House Passes Tax Reform Bill; Senate Finance Committee Considers Bills of its Own
On November 9, 2017, the Senate Finance Committee released its version of proposed tax reform legislation, the “Tax Cuts and Jobs Act,” which the Committee is marking up this week. The House of Representatives passed its tax bill on November 16; however, the bill under consideration by the Senate Finance Committee differs in several respects, including individual tax rates, itemized deductions, retaining the estate and GST taxes, the timing of changes to the corporate tax rate, and pass-through tax rates.November 28, 2017
On November 14, 2017, Finance Chairman Hatch announced some changes to the Chairman’s Mark. One modification now would reduce the Patient Protection and Affordable Care Act individual mandate payment to zero. There are also other changes to rates, the child tax credit, the pass-through provisions, and international tax.
Whereas the House bill proposes four individual tax brackets at 12, 25, 35, and 39.6 percent, the modified Senate version would keep the existing number of rates at seven but lower them to 10, 12, 22, 24, 32, 35, and 38.5 percent. Under both proposals the highest rates apply at $1 million for married taxpayers filing jointly and $500,000 for other filers. Both plans would repeal personal exemptions but the Senate’s increase in the standard deduction is slightly lower than the House’s and proposes to increase the standard deduction to $12,000 for single filers and $24,000 for married taxpayers filing jointly. The House and Senate differ on the child tax credit, which would increase to $1,600 or $2,000, respectively.
Itemized deductions for mortgage interest, property tax, and medical expenses are treated differently by the proposed legislation. Both bills would eliminate any mortgage interest deduction based on home equity indebtedness; the House bill would cap acquisition indebtedness at $500,000 (effective for debt incurred on or after November 2, 2017) whereas the Senate would retain the current $1 million limitation. Individuals could no longer deduct personal state and local income or sales taxes under either proposal. The Senate bill would also eliminate the local property tax deduction while the House bill would permit a deduction of up to $10,000. Unreimbursed medical expenses that exceed 10 percent of a taxpayer’s adjusted gross income would remain deductible under the Senate plan, though any deduction for medical expenses would be repealed under the House proposal.
Regarding the estate, gift, and generation-skipping (GST) taxes, the House bill would increase the individual estate and gift tax exclusion to $10 million (as of 2011) and then adjust for inflation annually before repealing the estate and GST tax after 2023. The Senate bill also proposes an inflation-adjusted $10 million exclusion for individuals but otherwise maintains the estate and GST taxes without repeal.

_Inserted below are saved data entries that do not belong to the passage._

lemma nn_integral_ball_dilated_le_frac_max:
  fixes g :: "'a::euclidean_space \<Rightarrow> 'a"
  assumes [measurable]: "g \<in> borel_measurable borel" and R: "R > 0" and s: "s > 0"
  shows "(\<integral>\<^sup>+ z. indicator (ball x R) z * ennreal (norm (g (x + s *\<^sub>R (z - x)))) \<partial>lborel)
    \<le> ennreal (R powr (real DIM('a) - \<kappa>) * s powr (-\<kappa>)) * frac_max \<kappa> (\<lambda>y. norm (g y)) x"
proof -
  define n where "n = real DIM('a)"
  define h where "h w = indicator (ball x (R * s)) w * ennreal (norm (g w))" for w
  have [measurable]: "h \<in> borel_measurable borel"
    unfolding h_def indicator_def mem_ball by measurable
  have "dist x ((1 - s) *\<^sub>R x + s *\<^sub>R z) = s * dist x z" for z
  proof -
    have "x - ((1 - s) *\<^sub>R x + s *\<^sub>R z) = s *\<^sub>R (x - z)"
      by (simp add: algebra_simps)
    then show ?thesis
      using s by (simp add: dist_norm)
  qed
  then have "indicator (ball x R) z * ennreal (norm (g (x + s *\<^sub>R (z - x)))) = h ((1 - s) *\<^sub>R x + s *\<^sub>R z)"
    for z
    using s by (simp add: h_def mult.commute algebra_simps split: split_indicator)
  then have "(\<integral>\<^sup>+ z. indicator (ball x R) z * ennreal (norm (g (x + s *\<^sub>R (z - x)))) \<partial>lborel)
      = (\<integral>\<^sup>+ z. h ((1 - s) *\<^sub>R x + s *\<^sub>R z) \<partial>lborel)"
    by simp
  also have "\<dots> = ennreal (1 / s ^ DIM('a)) * (\<integral>\<^sup>+ w. h w \<partial>lborel)"
  proof -
    have "ennreal (1 / s ^ DIM('a)) * ennreal (s ^ DIM('a)) = 1"
      using s by (simp add: ennreal_mult'[symmetric])
    then show ?thesis
      using nn_integral_lborel_affine[of h s "(1 - s) *\<^sub>R x"] s by (simp add: mult.assoc[symmetric])
  qed
  also have "\<dots> \<le> ennreal (1 / s ^ DIM('a)) * (ennreal ((R * s) powr (n - \<kappa>)) * frac_max \<kappa> (\<lambda>y. norm (g y)) x)"
    unfolding h_def n_def using nn_integral_ball_le_frac_max[of "R * s" x "\<lambda>y. norm (g y)" \<kappa>] R s
    by (intro mult_left_mono) auto
  also have "\<dots> = ennreal (R powr (n - \<kappa>) * s powr (-\<kappa>)) * frac_max \<kappa> (\<lambda>y. norm (g y)) x"
  proof -
    have "1 / s ^ DIM('a) * (R * s) powr (n - \<kappa>) = R powr (n - \<kappa>) * s powr (-\<kappa>)"
      using R s by (simp add: n_def powr_mult powr_diff powr_realpow powr_minus field_simps)
    then show ?thesis
      using s by (simp add: ennreal_mult'[symmetric] mult.assoc[symmetric])
  qed
  finally show ?thesis
    unfolding n_def .
qed

lemma abs_mult_emeasure_le_frac_max:
  fixes u :: "'a::euclidean_space \<Rightarrow> real" and g :: "'a \<Rightarrow> 'a" and \<kappa> R :: real
  assumes der: "\<And>x. (u has_derivative (\<lambda>h. g x \<bullet> h)) (at x)" and g: "continuous_on UNIV g"
    and E: "E \<in> sets lborel" "E \<subseteq> ball x R" "\<And>z. z \<in> E \<Longrightarrow> u z = 0"
    and R: "R > 0" and \<kappa>: "\<kappa> < 1"
  shows "ennreal \<bar>u x\<bar> * emeasure lborel E
    \<le> ennreal (R powr (real DIM('a) + 1 - \<kappa>) / (1 - \<kappa>)) * frac_max \<kappa> (\<lambda>y. norm (g y)) x"
proof -
  define n where "n = real DIM('a)"
  define M where "M = frac_max \<kappa> (\<lambda>y. norm (g y)) x"
  define G where "G z s = indicator (ball x R) z * indicator {0..1} s * ennreal (norm (g (x + s *\<^sub>R (z - x))))"
    for z and s :: real
  have [measurable]: "g \<in> borel_measurable borel"
    using g by (rule borel_measurable_continuous_onI)
  have G_measurable[measurable]: "(\<lambda>(z, s). G z s) \<in> borel_measurable (lborel \<Otimes>\<^sub>M lborel)"
    unfolding G_def indicator_def mem_ball by measurable
  have "ennreal \<bar>u x\<bar> * emeasure lborel E = (\<integral>\<^sup>+ z. ennreal \<bar>u x\<bar> * indicator E z \<partial>lborel)"
    using E(1) by (simp add: nn_integral_cmult_indicator)
  also have "\<dots> \<le> (\<integral>\<^sup>+ z. ennreal R * (\<integral>\<^sup>+ s. G z s \<partial>lborel) \<partial>lborel)"
  proof (rule nn_integral_mono)
    fix z
    show "ennreal \<bar>u x\<bar> * indicator E z \<le> ennreal R * (\<integral>\<^sup>+ s. G z s \<partial>lborel)"
    proof (cases "z \<in> E")
      case True
      then have "z \<in> ball x R" "norm (z - x) \<le> R"
        using E(2) by (auto simp: dist_norm norm_minus_commute)
      moreover have "ennreal R * G z s = indicator {0..1} s * ennreal (R * norm (g (x + s *\<^sub>R (z - x))))"
        if "z \<in> ball x R" for s
        using R that by (simp add: G_def ennreal_mult mult.left_commute)
      ultimately show ?thesis
        using abs_diff_le_nn_integral_segment[OF der g, of z x R] E(3)[OF True] True
        by (simp add: nn_integral_cmult[symmetric])
    qed simp
  qed
  also have "\<dots> = ennreal R * (\<integral>\<^sup>+ s. (\<integral>\<^sup>+ z. G z s \<partial>lborel) \<partial>lborel)"
    using lborel_pair.Fubini'[OF G_measurable] by (simp add: nn_integral_cmult)
  also have "\<dots> \<le> ennreal R * (\<integral>\<^sup>+ s. ennreal (R powr (n - \<kappa>)) * M * (indicator {0..1} s * ennreal (s powr (-\<kappa>))) \<partial>lborel)"
  proof (intro mult_left_mono nn_integral_mono_AE, rule AE_mp[OF AE_lborel_singleton[of 0]], intro AE_I2 impI)
    fix s :: real
    assume "s \<noteq> 0"
    show "(\<integral>\<^sup>+ z. G z s \<partial>lborel) \<le> ennreal (R powr (n - \<kappa>)) * M * (indicator {0..1} s * ennreal (s powr (-\<kappa>)))"
    proof (cases "s \<in> {0..1}")
      case True
      with \<open>s \<noteq> 0\<close> have "s > 0"
        by auto
      with R nn_integral_ball_dilated_le_frac_max[of g R s x \<kappa>] show ?thesis
        using True by (simp add: G_def M_def n_def ennreal_mult mult_ac)
    qed (simp add: G_def)
  qed simp
  also have "\<dots> = ennreal R * (ennreal (R powr (n - \<kappa>)) * M * ennreal (1 / (1 - \<kappa>)))"
    using \<kappa> nn_integral_unit_interval_powr[of "-\<kappa>"] by (subst nn_integral_cmult) auto
  also have "\<dots> = ennreal (R * R powr (n - \<kappa>) / (1 - \<kappa>)) * M"
    using R \<kappa> by (simp add: ennreal_mult'[symmetric] mult_ac)
  also have "R * R powr (n - \<kappa>) = R powr (n + 1 - \<kappa>)"
    using R powr_add[of R 1 "n - \<kappa>"] by (simp add: algebra_simps)
  finally show ?thesis
    unfolding n_def M_def .
qed

lemma outer_regular_emeasure_ball_diff_ge:
  fixes \<Omega> :: "'a::euclidean_space set"
  assumes "open \<Omega>" "outer_regular b \<Omega>" "y \<in> frontier \<Omega>" "r > 0"
  shows "ennreal (b * (r ^ DIM('a) * measure lborel (ball (0::'a) 1))) \<le> emeasure lborel (ball y r - \<Omega>)"
proof -
  have sets: "ball y r - \<Omega> \<in> sets lborel"
    using assms(1) by auto
  have "b * measure lebesgue (ball y r) \<le> measure lebesgue (ball y r - \<Omega>)"
    using assms(2-4) unfolding outer_regular_def by blast
  then have "b * measure lborel (ball y r) \<le> measure lborel (ball y r - \<Omega>)"
    using measure_completion[OF sets] by simp
  moreover have "emeasure lborel (ball y r - \<Omega>) \<le> emeasure lborel (ball y r)"
    by (rule emeasure_mono) auto
  then have "emeasure lborel (ball y r - \<Omega>) = ennreal (measure lborel (ball y r - \<Omega>))"
    using emeasure_lborel_ball_finite[of y r] by (intro emeasure_eq_ennreal_measure) (auto simp: top_unique)
  ultimately show ?thesis
    using content_ball_conv_unit_ball[of r y] assms(4) by (simp add: ennreal_leI)
qed

lemma abs_le_infdist_frontier_powr_frac_max:
  fixes \<Omega> :: "'a::euclidean_space set" and u :: "'a \<Rightarrow> real" and g :: "'a \<Rightarrow> 'a" and b \<kappa> :: real
  assumes \<Omega>: "open \<Omega>" "\<Omega> \<noteq> UNIV" "outer_regular b \<Omega>" and b: "b > 0"
    and der: "\<And>x. (u has_derivative (\<lambda>h. g x \<bullet> h)) (at x)" and g: "continuous_on UNIV g"
    and supp: "closure {x. u x \<noteq> 0} \<subseteq> \<Omega>" and x: "x \<in> \<Omega>" and \<kappa>: "\<kappa> < 1"
  shows "ennreal \<bar>u x\<bar>
    \<le> ennreal (2 powr (real DIM('a) + 1 - \<kappa>) / ((1 - \<kappa>) * b * measure lborel (ball (0::'a) 1))
         * infdist x (frontier \<Omega>) powr (1 - \<kappa>)) * frac_max \<kappa> (\<lambda>y. norm (g y)) x"
proof -
  define n where "n = real DIM('a)"
  define V where "V = measure lborel (ball (0::'a) 1)"
  define d where "d = infdist x (frontier \<Omega>)"
  have V: "V > 0"
    unfolding V_def by (rule content_ball_pos) simp
  have "frontier \<Omega> \<noteq> {}"
    using frontier_eq_empty[of \<Omega>] x \<Omega>(2) by auto
  then obtain y where y: "y \<in> frontier \<Omega>" "d = dist x y"
    using infdist_attains_inf[OF frontier_closed] unfolding d_def by blast
  have "x \<notin> frontier \<Omega>"
    using x \<Omega>(1) by (simp add: frontier_def interior_open)
  then have d: "d > 0"
    using y by auto
  define E where "E = ball y d - \<Omega>"
  have "E \<subseteq> ball x (2 * d)"
  proof
    fix z
    assume "z \<in> E"
    then show "z \<in> ball x (2 * d)"
      using y(2) dist_triangle[of x z y] by (simp add: E_def)
  qed
  moreover have "u z = 0" if "z \<in> E" for z
    using that supp closure_subset[of "{x. u x \<noteq> 0}"] unfolding E_def by blast
  ultimately have "ennreal \<bar>u x\<bar> * emeasure lborel E
      \<le> ennreal ((2 * d) powr (n + 1 - \<kappa>) / (1 - \<kappa>)) * frac_max \<kappa> (\<lambda>y. norm (g y)) x"
    unfolding n_def using \<Omega>(1) d \<kappa>
    by (intro abs_mult_emeasure_le_frac_max[OF der g]) (auto simp: E_def)
  moreover have "ennreal (b * (d ^ DIM('a) * V)) \<le> emeasure lborel E"
    unfolding E_def V_def using \<Omega> y d by (intro outer_regular_emeasure_ball_diff_ge) auto
  ultimately have "ennreal \<bar>u x\<bar>
      \<le> ennreal ((2 * d) powr (n + 1 - \<kappa>) / (1 - \<kappa>) / (b * (d ^ DIM('a) * V))) * frac_max \<kappa> (\<lambda>y. norm (g y)) x"
    using b d V by (intro ennreal_le_divide_mult_of_mult_le) auto
  also have "(2 * d) powr (n + 1 - \<kappa>) / (1 - \<kappa>) / (b * (d ^ DIM('a) * V))
      = 2 powr (n + 1 - \<kappa>) / ((1 - \<kappa>) * b * V) * d powr (1 - \<kappa>)"
  proof -
    have "d ^ DIM('a) = d powr n"
      using d by (simp add: n_def powr_realpow)
    moreover have "(2 * d) powr (n + 1 - \<kappa>) = 2 powr (n + 1 - \<kappa>) * (d powr n * d powr (1 - \<kappa>))"
      using d by (simp add: powr_mult powr_add[symmetric] add_diff_eq)
    moreover have "d powr n > 0"
      using d by simp
    ultimately show ?thesis
      using V b \<kappa> by (simp add: field_simps)
  qed
  finally show ?thesis
    unfolding n_def V_def d_def .
qed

The House and Senate bills also handle business taxes differently. Both plans present the same decrease in the maximum corporate tax rate from 35 to 20 percent, but the Senate proposes the change begin in 2019, one year later than the House’s proposal of 2018. Furthermore, the House bill would tax certain “business income” from pass-through entities at 25 percent, while the Senate instead proposes a 17.4 percent deduction. Both plans feature provisions designed to prevent pass-through compensation from being taxed at rates lower than the owners’ individual rates, subject to certain thresholds.
The treatment of deferred foreign earnings and profits is yet another area where both bills take a similar approach but with different rates. The House proposal would tax certain accumulated earnings and profits represented by cash and cash equivalents at a 14 percent rate and would tax earnings and profits represented by illiquid assets at a seven percent rate, while the Senate rates would be 10 and five percent, respectively. Additionally, the Senate bill includes proposals to address similar base erosion concerns as the proposals in the House bill but, in some cases, such proposals operate in a different manner to achieve a similar objective. The Senate bill also includes certain other proposals that were not included in the House bill, such as the repeal of the special rules for DISCs and IC-DISCs and the denial of interest or royalty deductions for certain related party amounts paid or accrued pursuant to certain hybrid transactions, or by, or to, a hybrid entity.
The modified Senate proposal would repeal of the Patient Protection and Affordable Care Act individual mandate; the House bill does not contain this provision.
Congress is moving quickly to advance tax reform legislation, although it is unclear when or if an agreed bill will be passed by both houses of Congress. The House passed its version of tax legislation this week, while Senate Finance markup continues. The process may slow, however, as Senate Republicans seek support, budget and expense restrictions are navigated, and differences between the bills are reconciled.